# Using trained & saved models to predict the time in RNA-seq data
This notebook will demonstrate applying ChronoGauge to make circadian time (CT) predictions in test samples using an ensemble of models that are already trained and saved. 

In [1]:
import pandas as pd
import numpy as np
import tensorflow as tf
from sklearn.preprocessing import StandardScaler
import matplotlib.pyplot as plt
import pickle
import math
import random
import os

In [2]:
# Define seed
SEED = 0
random.seed(SEED)
np.random.seed(SEED)
tf.random.set_seed(SEED)
os.environ['PYTHONHASHSEED'] = str(SEED)


## 1. Data & model loading and pre-processing
As an example, we will use 10 trained sub-predictor models (id 0-9) for RNA-seq data. We load the respective models, their gene features and the RNA-seq dataset of choice

In [3]:
# load the test sample's expression matrix
X_test = pd.read_csv('../data/expression_matrices/x_test_rna.csv', index_col=0)
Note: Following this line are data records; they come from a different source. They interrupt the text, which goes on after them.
(* Let $T$ be a symmetric network (so $T_{ij}=T_{ji}$ for all $i,j$) with $T_{ii}\ge \tfrac12$ for all $i\in N$, let the initial beliefs $x_0\in[0,1]^n$ be fixed, and fix $\epsilon>0$. For $q\in[0,1]$ let $T^*(q)$ be the network induced by confirmation bias $q$. Then the average convergence time $\tau$ of $T^*(q)$ is weakly monotonically increasing in $q$.
   Context: Agents $N=\{1,\dots,n\}$ communicate through a network $T$, an $n\times n$ row-stochastic matrix with entries $T_{ij}\in[0,1]$ ($T_{ij}$ is the weight agent $i$ places on agent $j$'s view; $T_{ii}$ is the self-link). $T$ is assumed strongly connected and aperiodic. Each agent $i$ has an initial belief $x_{i0}\in[0,1]$. Confirmation bias of strength $q\in[0,1]$ produces a network $T^*$ as follows: for $j\neq i$, if $|x_{i0}-x_{j0}|>1-q$ then $T^*_{ij}=0$ and the weight $T_{ij}$ is added to $i$'s self-link; otherwise $T^*_{ij}=T_{ij}$; thus $T^*_{ii}=T_{ii}+\sum_{j\ne i:\,|x_{i0}-x_{j0}|>1-q}T_{ij}$. $T^*$ is assumed strongly connected. Beliefs evolve by $x_t=T^*x_{t-1}$. For a network $P$ with stationary distribution (influence vector) $s$, i.e. the left eigenvector with $sP=s$, $\sum_i s_i=1$, the average convergence time is $\tau=\min\{t>0:\frac1n\sum_i\|P^t(i,\cdot)-s\|_2^2<\epsilon\}$, where $P^t(i,\cdot)$ is the $i$-th row of $P^t$ and $\|\cdot\|_2$ the Euclidean norm. *)

theory Defs
  imports Complex_Main
begin

text \<open>Agents are indexed by {..<n}; a network is an n x n real matrix given as
  a function nat => nat => real (only entries with indices < n matter).\<close>

definition mat_mult :: "nat \<Rightarrow> (nat \<Rightarrow> nat \<Rightarrow> real) \<Rightarrow> (nat \<Rightarrow> nat \<Rightarrow> real) \<Rightarrow> nat \<Rightarrow> nat \<Rightarrow> real" where
  "mat_mult n A B = (\<lambda>i j. \<Sum>k<n. A i k * B k j)"
(* Let $\mathfrak a$ and $A$ be as in the context. Let $R$ be an $A$-module with a decreasing filtration by $A$-submodules $({}^iR)_{i\in\mathbb Z}$ such that ${}^iR=R$ for $i\ll0$, ${}^iR=0$ for $i\gg0$, and each ${}^iR/{}^{i+1}R$ is projective as an $\mathfrak a$-module. Let $N$ be an admissible hybrid $A$-module and $m$ an integer with $\mathfrak aN_m=N_{\ge m}$. Suppose $\phi:R\twoheadrightarrow N$ is a surjection of $A$-modules such that $\phi({}^iR)=N_{\ge i}$ for all $i\le m$, and ${}^iR=0$ for $i>m$. Then there is a choice of $\mathfrak a_0$-submodules $h_i\subseteq{}^iR$, each an $\mathfrak a_0$-stable complement to ${}^{i+1}R+\mathrm{rad}^\flat({}^iR)$ in ${}^iR$, with $\phi(h_i)\subseteq N_i$ for all $i$. The induced $\mathfrak a$-grading on $R$ (placing $h_i$ in grade $i$) makes $R$ an admissible hybrid $A$-module and $\phi$ a surjective morphism of admissible hybrid $A$-modules.
   Context: All algebras/modules finite dimensional over a field. $\mathfrak a=\bigoplus_{n\ge0}\mathfrak a_n$ is positively graded and $\mathfrak a\to A$ is an algebra homomorphism such that $\mathfrak a_{\ge j}A$ is a two-sided ideal of $A$ for every $j\ge0$, where $\mathfrak a_{\ge j}=\bigoplus_{i\ge j}\mathfrak a_i$. For an $\mathfrak a$-module $X$, $\mathrm{rad}^\flat X=\mathfrak a_{\ge1}X$. A hybrid $A$-module is an $A$-module with a fixed grading making it a graded $\mathfrak a$-module; it is admissible if each $N_{\ge j}=\bigoplus_{i\ge j}N_i$ is an $A$-submodule; morphisms are grading-preserving $A$-maps. *)

theory Defs
  imports Main "HOL.Vector_Spaces"
begin

text \<open>A finite-dimensional
k-algebra is a type of class ring_1 together with a k-scalar multiplication;
modules are types of class ab_group_add with a k-scalar multiplication and an
action of the algebra.\<close>

definition fin_dim :: "('k::field \<Rightarrow> 'v::ab_group_add \<Rightarrow> 'v) \<Rightarrow> bool" where
  "fin_dim s \<longleftrightarrow> (\<exists>B. finite B \<and> module.span s B = UNIV)"

definition k_algebra :: "('k::field \<Rightarrow> 'a::ring_1 \<Rightarrow> 'a) \<Rightarrow> bool" where
  "k_algebra s \<longleftrightarrow> vector_space s \<and> fin_dim s \<and>
     (\<forall>c x y. s c (x * y) = s c x * y \<and> s c (x * y) = x * s c y)"

definition alg_hom :: "('k::field \<Rightarrow> 'a::ring_1 \<Rightarrow> 'a) \<Rightarrow> ('k \<Rightarrow> 'b::ring_1 \<Rightarrow> 'b)
    \<Rightarrow> ('a \<Rightarrow> 'b) \<Rightarrow> bool" where
  "alg_hom sa sb f \<longleftrightarrow> f 1 = 1 \<and> (\<forall>x y. f (x * y) = f x * f y \<and> f (x + y) = f x + f y)
     \<and> (\<forall>c x. f (sa c x) = sb c (f x))"

definition alg_module :: "('k::field \<Rightarrow> 'A::ring_1 \<Rightarrow> 'A) \<Rightarrow> ('k \<Rightarrow> 'm::ab_group_add \<Rightarrow> 'm)
    \<Rightarrow> ('A \<Rightarrow> 'm \<Rightarrow> 'm) \<Rightarrow> bool" where
  "alg_module sA sM act \<longleftrightarrow> vector_space sM \<and> fin_dim sM \<and>
     (\<forall>v. act 1 v = v) \<and>
     (\<forall>x y v. act (x * y) v = act x (act y v)) \<and>
     (\<forall>x y v. act (x + y) v = act x v + act y v) \<and>
     (\<forall>x v w. act x (v + w) = act x v + act x w) \<and>
     (\<forall>c x v. act (sA c x) v = sM c (act x v)) \<and>
     (\<forall>c x v. act x (sM c v) = sM c (act x v))"

definition is_dsum :: "('k::field \<Rightarrow> 'v::ab_group_add \<Rightarrow> 'v) \<Rightarrow> ('i \<Rightarrow> 'v set) \<Rightarrow> bool" where
  "is_dsum s G \<longleftrightarrow> (\<forall>i. module.subspace s (G i)) \<and>
     (\<forall>x. \<exists>!g. finite {i. g i \<noteq> 0} \<and> (\<forall>i. g i \<in> G i) \<and> x = sum g {i. g i \<noteq> 0})"

definition pos_graded :: "('k::field \<Rightarrow> 'a::ring_1 \<Rightarrow> 'a) \<Rightarrow> (nat \<Rightarrow> 'a set) \<Rightarrow> bool" where
  "pos_graded s ag \<longleftrightarrow> is_dsum s ag \<and>
     (\<forall>i j x y. x \<in> ag i \<longrightarrow> y \<in> ag j \<longrightarrow> x * y \<in> ag (i + j))"

definition alg_ge :: "('k::field \<Rightarrow> 'a::ring_1 \<Rightarrow> 'a) \<Rightarrow> (nat \<Rightarrow> 'a set) \<Rightarrow> nat \<Rightarrow> 'a set" where
  "alg_ge s ag j = module.span s (\<Union>i\<in>{j..}. ag i)"

definition mod_ge :: "('k::field \<Rightarrow> 'v::ab_group_add \<Rightarrow> 'v) \<Rightarrow> (int \<Rightarrow> 'v set) \<Rightarrow> int \<Rightarrow> 'v set" where
  "mod_ge s G j = module.span s (\<Union>i\<in>{j..}. G i)"
(* In the Simon urn described in the context, with fixed trigger probability $p\in(0,1)$, for every integer $c\ge2$ the series $$\Lambda_\infty(c,p)=\sum_{i=c+1}^{\infty}\binom{i-2}{c-2}\frac{(1-p)^i\,\Gamma(i)}{\Gamma(i+1-p)}$$ converges, and as $n\to\infty$, $$\mathbb E[K_{n,c}]\sim p^{c-1}\left(\frac{\Lambda_\infty(c,p)}{(1-p)^c}+\frac{\Gamma(c)}{\Gamma(c-p+1)}\right)n^{1-p}.$$
   Context: Simon urn. The urn is empty at time $0$. Let $B_0=1$ and let $(B_n)_{n\ge1}$ be i.i.d. Bernoulli random variables with $\Pr(B_n=1)=p\in(0,1)$, independent of everything else. Colors are labelled $1,2,\dots$ in order of first appearance. At each time $n\ge1$: if $B_{n-1}=1$, one ball of a new color is added and registered; if $B_{n-1}=0$, a ball is drawn uniformly at random from the urn, its color is registered, and one additional ball of that color is added. $K_{n,c}$ denotes the number of times color $c$ has been registered up to and including time $n$ (equal to the number of balls of color $c$ at time $n$), with $K_{n,c}=0$ if color $c$ has not yet appeared. $\Gamma$ is the gamma function; $a_n\sim b_n$ means $a_n/b_n\to1$. *)

theory Defs
  imports "HOL-Probability.Probability" "HOL-Library.Landau_Symbols"
begin

text \<open>State of the Simon urn after time n: (urn contents as a multiset of colour labels,
  number of colours seen so far, the Bernoulli variable B_n governing step n+1).
  Colours are labelled 1,2,... in order of first appearance.\<close>
type_synonym simon_state = "nat multiset \<times> nat \<times> bool"

definition simon_step :: "real \<Rightarrow> simon_state \<Rightarrow> simon_state pmf" where
  "simon_step p s = (case s of (U, m, b) \<Rightarrow>
     do {
       (U', m') \<leftarrow> (if b then return_pmf (U + {#Suc m#}, Suc m)
                    else map_pmf (\<lambda>c. (U + {#c#}, m)) (pmf_of_multiset U));
       b' \<leftarrow> bernoulli_pmf p;
       return_pmf (U', m', b')
     })"

fun simon_dist :: "real \<Rightarrow> nat \<Rightarrow> simon_state pmf" where
  "simon_dist p 0 = return_pmf ({#}, 0, True)"
| "simon_dist p (Suc n) = simon_dist p n \<bind> simon_step p"

definition K :: "nat \<Rightarrow> simon_state \<Rightarrow> nat" where
  "K c s = count (fst s) c"

definition simon_EK :: "real \<Rightarrow> nat \<Rightarrow> nat \<Rightarrow> real" where
  "simon_EK p n c = measure_pmf.expectation (simon_dist p n) (\<lambda>s. real (K c s))"

definition Lambda_term :: "nat \<Rightarrow> real \<Rightarrow> nat \<Rightarrow> real" where
  "Lambda_term c p i = real ((i - 2) choose (c - 2)) * (1 - p) ^ i * Gamma (real i) / Gamma (real i + 1 - p)"

definition Lambda_inf :: "nat \<Rightarrow> real \<Rightarrow> real" where
  "Lambda_inf c p = (\<Sum>k. Lambda_term c p (k + c + 1))"

end

theory Submission
  imports Defs "HOL-Real_Asymp.Real_Asymp"
begin

text \<open>After the forced first step, every step opens a new colour with probability p, so the number
  of colours at time n + 1 is 1 + Bin(n, p). Conditioning on the state at time n \<ge> 1, whose flag is a
  fresh Bernoulli(p) variable, gives the recursion
    E K(n+1, c) = (1 + (1 - p)/n) E K(n, c) + p P(c - 1 colours at time n).
  Its integrating factor Gamma(n + 1 - p)/Gamma(n) is asymptotic to n^(1-p), so E K(n, c) is this factor
  times the partial sums of a convergent series. The terms of that series vanish before time c - 1;
  the term at time c - 1, where colour c is opened, is p^(c-1) Gamma(c)/Gamma(c - p + 1); and the later
  terms are p^(c-1)/(1 - p)^c times the terms of Lambda_inf(c, p).\<close>

lemma expectation_pmf_cong:
  fixes f g :: "'a \<Rightarrow> real"
  assumes "\<And>x. x \<in> set_pmf M \<Longrightarrow> f x = g x"
  shows "measure_pmf.expectation M f = measure_pmf.expectation M g"
  using assms by (intro integral_cong_AE) (auto simp: AE_measure_pmf_iff)

lemma expectation_bind_pmf_finite:
  fixes f :: "'b \<Rightarrow> real"
  assumes "finite (set_pmf M)" "\<And>x. x \<in> set_pmf M \<Longrightarrow> finite (set_pmf (N x))"
  shows "measure_pmf.expectation (M \<bind> N) f =
    measure_pmf.expectation M (\<lambda>x. measure_pmf.expectation (N x) f)"
proof -
  have "measure_pmf.expectation (M \<bind> N) f =
      (\<Sum>x\<in>set_pmf M. pmf M x *\<^sub>R measure_pmf.expectation (N x) f)"
    using assms by (intro pmf_expectation_bind) auto
  also have "\<dots> = measure_pmf.expectation M (\<lambda>x. measure_pmf.expectation (N x) f)"
    using assms by (subst integral_measure_pmf[of "set_pmf M"]) auto
  finally show ?thesis .
qed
# Load the test sample's target sampling times that were are trying to predict
Y_test = pd.read_csv('../data/targets/target_test_rna.csv', index_col=0)
# load all features
features = pd.read_csv('../data/model_parameters/gene_features_unadjusted.csv', index_col=0)

#itertively select models and their respective features
model_dict = {}

for i in range(0, 10):
    i_model = tf.keras.models.load_model('models/model_rna/model_{}.h5'.format(i), compile=False)
    i_features = features.iloc[i].dropna().to_numpy()
        
    model_dict[i] = (i_model, i_features)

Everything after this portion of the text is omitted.